JP4441762B2 - 2-cycle engine cylinder manufacturing method and manufacturing apparatus - Google Patents

Description

  The present invention relates to a manufacturing method and apparatus for improving productivity of a cylinder used in a two-cycle engine.

Conventionally, there is a die casting method as a method for manufacturing a cylinder for a two-cycle engine. As an example of this method, a split mold that forms the outer shape of the cylinder, a base that is disposed under the split mold and has a passage mold piece for forming a scavenging passage, and a cylinder bore that is inserted into the split mold. A core body for forming a scavenging port, a slider inserted inside the core body so as to be movable in the axial direction, and a core piece for forming a scavenging port attached to the tip of the core body and moving forward and backward in the radial direction of the core body There is one using a manufacturing apparatus provided with (Patent Document 1). In this manufacturing apparatus, the core body is inserted into the split mold, and a slider provided on the core body is moved in the axial direction of the core body so that the core piece extends outward in the radial direction of the core body. Then, the tip of the core piece is brought into contact with the passage type piece of the base. After that, by injecting a molten metal such as aluminum from the spout provided in the split mold, the outer shape of the cylinder and the scavenging passage are formed between the split mold and the core body and the base, and at the same time by the core body.

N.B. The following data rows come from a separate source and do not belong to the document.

definition is_section where
  "is_section sT \<alpha> sE \<alpha>E p \<sigma> \<longleftrightarrow>
     Vector_Spaces.linear sT sE \<sigma> \<and> (\<forall>x. p (\<sigma> x) = x) \<and> (\<forall>x. \<alpha>E (\<sigma> x) = \<sigma> (\<alpha> x))"

text \<open>Coefficients in a Hom-vector space (V,beta), where V is given as a subset of an
  ambient vector space (type 'v with scalar multiplication sV); nu, omega take values in V.\<close>

definition cocycle23 :: "('k::field \<Rightarrow> 't::ab_group_add \<Rightarrow> 't) \<Rightarrow> ('t \<Rightarrow> 't \<Rightarrow> 't)
    \<Rightarrow> ('t \<Rightarrow> 't \<Rightarrow> 't \<Rightarrow> 't) \<Rightarrow> ('t \<Rightarrow> 't)
    \<Rightarrow> ('k \<Rightarrow> 'v::ab_group_add \<Rightarrow> 'v) \<Rightarrow> 'v set \<Rightarrow> ('v \<Rightarrow> 'v)
    \<Rightarrow> ('t \<Rightarrow> 'v \<Rightarrow> 'v) \<Rightarrow> ('t \<Rightarrow> 't \<Rightarrow> 'v \<Rightarrow> 'v) \<Rightarrow> ('t \<Rightarrow> 't \<Rightarrow> 'v \<Rightarrow> 'v)
    \<Rightarrow> ('t \<Rightarrow> 't \<Rightarrow> 'v) \<Rightarrow> ('t \<Rightarrow> 't \<Rightarrow> 't \<Rightarrow> 'v) \<Rightarrow> bool" where
  "cocycle23 sT br tr \<alpha> sV V \<beta> \<rho> D \<theta> \<nu> \<omega> \<longleftrightarrow>
     (\<forall>x1 x2. \<nu> x1 x2 \<in> V) \<and> (\<forall>x1 x2 x3. \<omega> x1 x2 x3 \<in> V) \<and>
     bilin sT sT sV \<nu> \<and> trilin sT sT sT sV \<omega> \<and>
     (\<forall>x1 x2. \<nu> x1 x2 = - \<nu> x2 x1) \<and>
     (\<forall>x1 x2 x3. \<omega> x1 x2 x3 = - \<omega> x2 x1 x3) \<and>
     (\<forall>x1 x2. \<nu> (\<alpha> x1) (\<alpha> x2) = \<beta> (\<nu> x1 x2)) \<and>
     (\<forall>x1 x2 x3. \<omega> (\<alpha> x1) (\<alpha> x2) (\<alpha> x3) = \<beta> (\<omega> x1 x2 x3)) \<and>
     (\<forall>x1 x2 x3.
        (\<omega> x1 x2 x3 - \<rho> (\<alpha> x1) (\<nu> x2 x3) + \<nu> (br x1 x2) (\<alpha> x3))
      + (\<omega> x2 x3 x1 - \<rho> (\<alpha> x2) (\<nu> x3 x1) + \<nu> (br x2 x3) (\<alpha> x1))
      + (\<omega> x3 x1 x2 - \<rho> (\<alpha> x3) (\<nu> x1 x2) + \<nu> (br x3 x1) (\<alpha> x2)) = 0) \<and>
     (\<forall>x1 x2 x3 y1.
        (\<theta> (\<alpha> x1) (\<alpha> y1) (\<nu> x2 x3) + \<omega> (br x1 x2) (\<alpha> x3) (\<alpha> y1))
      + (\<theta> (\<alpha> x2) (\<alpha> y1) (\<nu> x3 x1) + \<omega> (br x2 x3) (\<alpha> x1) (\<alpha> y1))
      + (\<theta> (\<alpha> x3) (\<alpha> y1) (\<nu> x1 x2) + \<omega> (br x3 x1) (\<alpha> x2) (\<alpha> y1)) = 0) \<and>
     (\<forall>x1 x2 y1 y2.
        \<omega> (\<alpha> x1) (\<alpha> x2) (br y1 y2) + D (\<alpha> x1) (\<alpha> x2) (\<nu> y1 y2)
        = \<nu> (tr x1 x2 y1) (\<alpha> (\<alpha> y2)) + \<nu> (\<alpha> (\<alpha> y1)) (tr x1 x2 y2)
          + \<rho> (\<alpha> (\<alpha> y1)) (\<omega> x1 x2 y2) - \<rho> (\<alpha> (\<alpha> y2)) (\<omega> x1 x2 y1)) \<and>
     (\<forall>x1 x2 y1 y2 y3.
        \<omega> (\<alpha> (\<alpha> x1)) (\<alpha> (\<alpha> x2)) (tr y1 y2 y3) + D (\<alpha> (\<alpha> x1)) (\<alpha> (\<alpha> x2)) (\<omega> y1 y2 y3)
        = \<omega> (tr x1 x2 y1) (\<alpha> (\<alpha> y2)) (\<alpha> (\<alpha> y3))
          + \<omega> (\<alpha> (\<alpha> y1)) (tr x1 x2 y2) (\<alpha> (\<alpha> y3))
          + \<omega> (\<alpha> (\<alpha> y1)) (\<alpha> (\<alpha> y2)) (tr x1 x2 y3)
          + \<theta> (\<alpha> (\<alpha> y2)) (\<alpha> (\<alpha> y3)) (\<omega> x1 x2 y1)
          - \<theta> (\<alpha> (\<alpha> y1)) (\<alpha> (\<alpha> y3)) (\<omega> x1 x2 y2)
          + D (\<alpha> (\<alpha> y1)) (\<alpha> (\<alpha> y2)) (\<omega> x1 x2 y3))"
(* Consider the algorithm described in the context, applied to $\psi=f+\varphi$ where $\nabla f$ is locally Lipschitz continuous, and assume the generated iterates $\{x^k\}$ are bounded. Then the following accuracy condition (B.3) holds: for every subsequence $\{k_\ell\}$ such that $\{x^{k_\ell}\}$ converges and $\alpha_{k_\ell}\to0$, $$\psi(x^{k_\ell}+\alpha_{k_\ell}\bar s^{k_\ell})-\psi(x^{k_\ell})-\alpha_{k_\ell}\psi'(x^{k_\ell};\bar s^{k_\ell})=o(\alpha_{k_\ell})\quad(\ell\to\infty),$$ in each of the following cases: (i) $\varphi$ is polyhedral (a pointwise maximum of finitely many affine functions) and the safeguard satisfies $\Gamma(x,d)\le\Gamma_{\max}(x,d)$; (ii) (group lasso) the variable is $X=(X_1,\dots,X_{n_2})\in\mathbb{R}^{n_1\times n_2}$, $\varphi(X)=\sum_{i=1}^{n_2}\|X_i\|$, and for $D=(D_1,\dots,D_{n_2})$ with $\|D\|=1$ (Frobenius norm) the safeguard is $$\Gamma(X,D)=\min\Big\{\Gamma_{\max}(X,D),\ \min_{X_i\ne0}\frac{\|X_i\|^{1+\sigma}}{1-\theta_i^2},\ \min_{X_i\ne0}\frac{\|X_i\|}{\max\{-2\theta_i,0\}}\Big\}$$ for a fixed $\sigma>0$, where $\theta_i=\langle X_i,D_i\rangle/(\|X_i\|\,\|D_i\|)$ and $c/0:=+\infty$ for $c>0$.
   Context: Problem: minimize $\psi=f+\varphi$ where $f$ is continuously differentiable and $\varphi$ is real-valued convex. Notation: $\|\cdot\|$ Euclidean (Frobenius for matrices) norm, $B_r(x)$ open ball, $\bar v=v/\|v\|$, $\psi'(x;d)$ directional derivative, $\partial\psi(x)=\nabla f(x)+\partial\varphi(x)$; $x$ is stationary if $0\in\partial\psi(x)$. Pseudo-gradient: $g(x)=u(x)d(x)$ where, for non-stationary $x$, $\|d(x)\|=1$, $\psi'(x;d(x))<0$, $u(x)\in[\psi'(x;d(x)),0)$, and for stationary $x$, $d(x)=0$, $u(x)=0$. Safeguards: for $\|d\|=1$, $\Gamma_{\max}(x,d)=\sup\{T>0: t\mapsto\psi(x+td)\text{ is } C^1\text{ on }(0,T)\}$, $\Gamma(x)=\inf_{\|d\|=1}\Gamma_{\max}(x,d)$; a stepsize safeguard $(x,d)\mapsto\Gamma(x,d)\in(0,\infty]$ is fixed. Truncation: $\psi$ can be truncated with data $\mathbb{R}^n=S_0\supset\cdots\supset S_m$, $\delta\in(0,\infty]$, $\kappa>0$, $T:\mathbb{R}^n\times(0,\delta]\to\mathbb{R}^n$ meaning (i) $\Gamma(x)\ge\delta$ on $S_m$; (ii) for $a\in(0,\delta]$, $x\in S_i\setminus S_{i+1}$, $i<m$: if $\Gamma(x)\ge a$ then $T(x,a)=x$, else $T(x,a)\in S_{i+1}$, $\Gamma(T(x,a))\ge a$, $\|T(x,a)-x\|\le\kappa a$. Put $S_{m+1}=\emptyset$. Algorithm: parameters $0<\eta<\eta_1<\eta_2<1$, $0<r_1<1<r_2$, $\Delta_{\max}>0$, $\gamma_1,\gamma_2>0$, a positive strictly decreasing summable sequence $(\epsilon_s)$ with $\epsilon_s\le\delta$, a nonincreasing $\ell:(0,\infty)\to[0,\frac12]$ with $\ell(\Delta)\to0$ as $\Delta\to0^+$; start $x^0$, $\Delta_0>0$, counters $c_0=\dots=c_m=0$. Iteration $k$: $g^k=g(x^k)$; stop if $g^k=0$. Choose $B^k\in\mathbb{R}^{n\times n}$, model $m_k(s)=\psi(x^k)+\langle g^k,s\rangle+\frac12\langle s,B^ks\rangle$, Cauchy point $s^k_C=-\alpha^C_kg^k$ with $\alpha^C_k\in\arg\min_{0\le t\le\Delta_k/\|g^k\|}m_k(-tg^k)$. Choose $s^k$, $\|s^k\|\le\Delta_k$, with $m_k(0)-m_k(s^k)\ge\frac{\gamma_1}{2}\|g^k\|\min\{\Delta_k,\gamma_2\|g^k\|\}$ and $m_k(0)-m_k(s^k)\ge(1-\ell(\|s^k\|))(m_k(0)-m_k(s^k_C))$. Let $\rho^1_k=\frac{\psi(x^k)-\psi(x^k+s^k)}{m_k(0)-m_k(s^k)}$. If $\rho^1_k\ge\eta_1$: $\tilde x^k=x^k+s^k$, $\Delta_{k+1}=\min\{\Delta_{\max},r_2\Delta_k\}$ if $\rho^1_k>\eta_2$ and $\Delta_{k+1}=\Delta_k$ otherwise. Stepsize computation (performed for the analysis in every iteration, used by the algorithm when $\rho^1_k<\eta_1$): $\alpha_k=\min\{\Gamma(x^k,\bar s^k),\|s^k\|\}$; if $m_k(0)-m_k(\alpha_k\bar s^k)<\frac{\alpha_k}{2\|s^k\|}(m_k(0)-m_k(s^k))$, replace $s^k$ by $s^k_C$ (so $\bar s^k=\bar s^k_C$) and $\alpha_k=\min\{\Gamma(x^k,\bar s^k_C),\|s^k_C\|\}$; $\rho^2_k=\frac{\psi(x^k)-\psi(x^k+\alpha_k\bar s^k)}{m_k(0)-m_k(\alpha_k\bar s^k)}$. If $\rho^1_k<\eta_1$: $\Delta_{k+1}=r_1\Delta_k$ if $\rho^2_k<\eta_1$, $=\min\{\Delta_{\max},r_2\Delta_k\}$ if $\rho^2_k>\eta_2$, $=\Delta_k$ otherwise; $\tilde x^k=x^k+\alpha_k\bar s^k$ if $\rho^2_k\ge\eta$ and $\tilde x^k=x^k$ otherwise. Truncation step: set $\tilde x=\tilde x^k$ and repeat {find $i$ with $\tilde x\in S_i\setminus S_{i+1}$; if $\Gamma(\tilde x)<\epsilon_{c_i}$ set $\tilde x\leftarrow T(\tilde x,\epsilon_{c_i})$, $c_i\leftarrow c_i+1$; else stop}; $x^{k+1}=\tilde x$. Here $\alpha_k,\bar s^k$ denote the quantities of the stepsize computation. *)

theory Defs
  imports "HOL-Analysis.Analysis" "HOL-Library.Landau_Symbols"
begin
(* Let $X$ be the Markov process on the star graph $\Gamma$ generated by the operator $(L,D(L))$ described in the context, for some finite stickiness parameter $\eta\ge 0$. Then the vertex $\mathsf v$ is not a trap for $X$, i.e. it is not true that $\mathbf P_{\mathsf v}(\xi_{\mathsf v}>t)=1$ for every $t>0$, where $\xi_{\mathsf v}:=\inf\{s>0: X(s)\neq \mathsf v\}$.
   Context: Star graph: fix $N\ge1$. $\Gamma$ is the quotient of the disjoint union of $N$ copies of $[0,\infty)$ obtained by identifying all the origins; points are written $(i,x)$ with $i\in\{1,\dots,N\}$, $x\ge 0$, and $\mathsf v=(\cdot,0)$ is the unique vertex. $\Gamma$ carries the metric $d((j,x),(i,y))=|x-y|$ if $i=j$ and $x+y$ if $i\ne j$. A function $f:\Gamma\to\mathbb R$ is identified with $(f_1,\dots,f_N)$, $f_i(x)=f(i,x)$, with $f_i(0)=f_j(0)$ for all $i,j$; derivatives are taken edgewise (one-sided at $0$, not required to agree across edges). $C_0(\Gamma)$: continuous functions on $\Gamma$ vanishing at infinity on each edge. $C^2(\Gamma)$: continuous $f$ on $\Gamma$ with each $f_i\in C^2([0,\infty))$. $PC(\Gamma)$: functions whose restrictions $f_i$ are bounded and continuous on $(0,\infty)$ and extend continuously to $[0,\infty)$. Coefficients: $\sigma,b\in PC(\Gamma)$ with $\sigma>\sigma_0$ on $\Gamma$ for some constant $\sigma_0>0$. Operator: $Lf(i,x)=\frac12\sigma_i^2(x)f_i''(x)+b_i(x)f_i'(x)$ for $x>0$; when the limits $\lim_{x\to0}L_if(x)$ coincide for all $i$, $Lf(\mathsf v)$ denotes this common value. Fix $\eta\ge0$ and $\rho_1,\dots,\rho_N>0$ with $\sum_i\rho_i=1$, and set $D(L)=\{f\in C^2(\Gamma)\cap C_0(\Gamma): Lf\in C_0(\Gamma),\ \eta Lf(\mathsf v)=\sum_{i=1}^N\rho_if_i'(0)\}$. It is known that $(L,D(L))$ generates a strongly continuous semigroup on $C_0(\Gamma)$ associated with a conservative Markov process $X(t)=(i(t),x(t))$ on $\Gamma$ with continuous paths; $\mathbf P_{\mathsf x},\mathbf E_{\mathsf x}$ denote probability and expectation for the process started at $\mathsf x$. *)

theory Defs
  imports "HOL-Probability.Probability"
begin

text \<open>A point (i,x) of the star graph with N edges is represented canonically as a pair
  of type nat * real: points with x > 0 are (i,x) with 1 <= i <= N, and all origins (i,0) are
  identified with the single vertex, represented by (0,0).\<close>

definition vtx :: "nat \<times> real" where
  "vtx = (0, 0)"

definition star :: "nat \<Rightarrow> (nat \<times> real) set" where
  "star N = {(i, x). 1 \<le> i \<and> i \<le> N \<and> 0 < x} \<union> {vtx}"

definition spt :: "nat \<Rightarrow> real \<Rightarrow> nat \<times> real" where
  "spt i x = (if x = 0 then vtx else (i, x))"

text \<open>The metric: |x-y| on the same edge, x+y on different edges
  (the vertex (0,0) is handled uniformly by the same formula).\<close>
definition stardist :: "nat \<times> real \<Rightarrow> nat \<times> real \<Rightarrow> real" where
  "stardist p q = (if fst p = fst q then \<bar>snd p - snd q\<bar> else snd p + snd q)"

definition edge :: "(nat \<times> real \<Rightarrow> real) \<Rightarrow> nat \<Rightarrow> real \<Rightarrow> real" where
  "edge f i x = f (spt i x)"

definition star_continuous :: "nat \<Rightarrow> (nat \<times> real \<Rightarrow> real) \<Rightarrow> bool" where
  "star_continuous N f \<longleftrightarrow>
     (\<forall>p\<in>star N. \<forall>e>0. \<exists>d>0. \<forall>q\<in>star N. stardist q p < d \<longrightarrow> \<bar>f q - f p\<bar> < e)"

definition C0 :: "nat \<Rightarrow> (nat \<times> real \<Rightarrow> real) set" where
  "C0 N = {f. star_continuous N f \<and> (\<forall>i\<in>{1..N}. (edge f i \<longlongrightarrow> 0) at_top)}"

definition d1 :: "(nat \<times> real \<Rightarrow> real) \<Rightarrow> nat \<Rightarrow> real \<Rightarrow> real" where
  "d1 f i x = (THE D. (edge f i has_real_derivative D) (at x within {0..}))"

definition d2 :: "(nat \<times> real \<Rightarrow> real) \<Rightarrow> nat \<Rightarrow> real \<Rightarrow> real" where
  "d2 f i x = (THE D. (d1 f i has_real_derivative D) (at x within {0..}))"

The inner periphery of the cylinder bore is formed, and a scavenging port for opening the scavenging passage to the cylinder bore is formed by a core piece advanced outward in the radial direction of the core body.
Japanese Patent Publication No.58-31461

  However, the above manufacturing method has a complicated apparatus. The core piece forming the scavenging port moves in the radial direction by contact with the inclined surface provided on the slider in conjunction with the movement of the slider in the axial direction. Since the contact force to the mold piece cannot be increased, the injection pressure of the molten metal injected into the split mold gate cannot be increased. When this injection pressure is increased, the core piece moves due to the pressure, and a gap is formed between the core piece and the passage-type piece, and burrs are generated. On the other hand, when the injection pressure is reduced, the molten metal is difficult to rotate around the entire cylinder having a complicated shape. In addition, the core piece and the supporting portion thereof are easily deformed by heat and adjustment thereof is difficult, so that productivity is lowered.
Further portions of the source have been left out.